= Grace St. Paul's Episcopal Church =

Church building in Mercerville, New Jersey

GraSP

Grace St. Paul's Episcopal Church commonly referred to as GraSP or Grace St. Paul's is an Episcopal Church (in the Anglican Communion) located in Mercerville, New Jersey. It is a parish of the Episcopal Diocese of New Jersey.

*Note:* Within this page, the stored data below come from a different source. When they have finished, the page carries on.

(* Let $\mathsf{M}_1,\mathsf{M}_2$ be two unbiased dichotomic qubit measurements, i.e. $\mathsf{M}_1(\pm1)=\frac12(I\pm\vec a\cdot\vec\sigma)$ and $\mathsf{M}_2(\pm1)=\frac12(I\pm\vec b\cdot\vec\sigma)$ with $\vec a,\vec b\in\mathbb{R}^3$, $\|\vec a\|,\|\vec b\|\leq1$. Then $\mathsf{M}_1$ and $\mathsf{M}_2$ are incompatible if and only if they are useful for $(2,2)$-QRAC, i.e. if and only if $$\frac{1}{8}\sum_{x,y=\pm1}\big\|\mathsf{M}_1(x)+\mathsf{M}_2(y)\big\|>\frac34 .$$
   Context: $\vec\sigma=(\sigma_1,\sigma_2,\sigma_3)$ are the Pauli matrices, $I$ the identity on $\mathbb{C}^2$, and $\|\cdot\|$ the operator norm. Two POVMs are compatible if there is a POVM $\mathsf{G}(x,y)$ whose marginals $\sum_y\mathsf{G}(x,y)$ and $\sum_x\mathsf{G}(x,y)$ are $\mathsf{M}_1(x)$ and $\mathsf{M}_2(y)$; otherwise incompatible. The left-hand side of the displayed inequality is the optimal average success probability $\bar P_{\rm qrac}(\mathsf{M}_1,\mathsf{M}_2)$ in the $(2,2)$ quantum random access code, and $3/4$ is the optimal classical $(2,2)$ random access code success probability. *)

theory Defs
  imports "HOL-Analysis.Analysis"
begin

definition mat2 :: "complex \<Rightarrow> complex \<Rightarrow> complex \<Rightarrow> complex \<Rightarrow> complex^2^2" where
  "mat2 p q r s = (\<chi> i j. if i = 1 then (if j = 1 then p else q) else (if j = 1 then r else s))"

definition sigma1 :: "complex^2^2" where "sigma1 = mat2 0 1 1 0"
definition sigma2 :: "complex^2^2" where "sigma2 = mat2 0 (-\<i>) \<i> 0"
definition sigma3 :: "complex^2^2" where "sigma3 = mat2 1 0 0 (-1)"

definition sigma_dot :: "real^3 \<Rightarrow> complex^2^2" where
  "sigma_dot a = (a$1) *\<^sub>R sigma1 + (a$2) *\<^sub>R sigma2 + (a$3) *\<^sub>R sigma3"

definition dich :: "real^3 \<Rightarrow> int \<Rightarrow> complex^2^2" where
  "dich a x = (1/2::real) *\<^sub>R (mat 1 + (of_int x :: real) *\<^sub>R sigma_dot a)"

definition opnorm :: "complex^2^2 \<Rightarrow> real" where
  "opnorm A = onorm (\<lambda>v. A *v v)"

definition psd :: "complex^2^2 \<Rightarrow> bool" where
  "psd A \<longleftrightarrow> (\<forall>v::complex^2. let z = (\<Sum>i\<in>UNIV. cnj (v$i) * (A *v v)$i) in Im z = 0 \<and> Re z \<ge> 0)"

definition compatible :: "(int \<Rightarrow> complex^2^2) \<Rightarrow> (int \<Rightarrow> complex^2^2) \<Rightarrow> bool" where
  "compatible M1 M2 \<longleftrightarrow> (\<exists>G :: int \<Rightarrow> int \<Rightarrow> complex^2^2.
      (\<forall>x\<in>{-1,1}. \<forall>y\<in>{-1,1}. psd (G x y)) \<and>
      (\<Sum>x\<in>{-1,1}. \<Sum>y\<in>{-1,1}. G x y) = mat 1 \<and>
      (\<forall>x\<in>{-1,1}. (\<Sum>y\<in>{-1,1}. G x y) = M1 x) \<and>
      (\<forall>y\<in>{-1,1}. (\<Sum>x\<in>{-1,1}. G x y) = M2 y))"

The church reported 227 members in 2017 and 115 members in 2023; no membership statistics were reported nationally in 2024 parochial reports. Plate and pledge income reported for the congregation in 2024 was $110,463. Average Sunday attendance (ASA) in 2023 was 40 persons, down from a reported 85 in 2016.

==History==
Grace-St. Paul's parish is the realization of parishioners from two congregations, Grace in East Trenton and St. Paul's in South Trenton. Both congregations began as missions of St. Michael's Church which provided financial support and the properties on which each congregation built its church. St. Paul's was organized in 1847 and became a parish in 1901. Grace began as a mission in 1875 and in 1896 became a parish. Suburban expansion provided the impetus for Grace to create new possibilities for ministry by deciding to relocate to Mercerville in 1946. During the transition period (October 1946 to November 1947) worship was held jointly with St. Paul's. From August 1947 to November 1949 worship was held at the Mercerville Firehouse. The church and parish hall were completed in November 1949. The parish hall was dedicated November 17 of that year to the memory of the first rector of Grace, the Rev. Milton A. Craft, whose devotion and leadership (1893 to 1935) forged a spiritual direction for many years and also made possible the establishment of two mission churches: St. Andrew's (1895) near Lawrence Township and St. Luke's (1913) in Ewing Township. The rectory was built in 1952. The congregations of both St. Paul's and Grace agreed to merge in 1955, and the present church was built. A 1600-pound bell in the tower of St. Paul's was removed and placed in the inner courtyard of the church complex.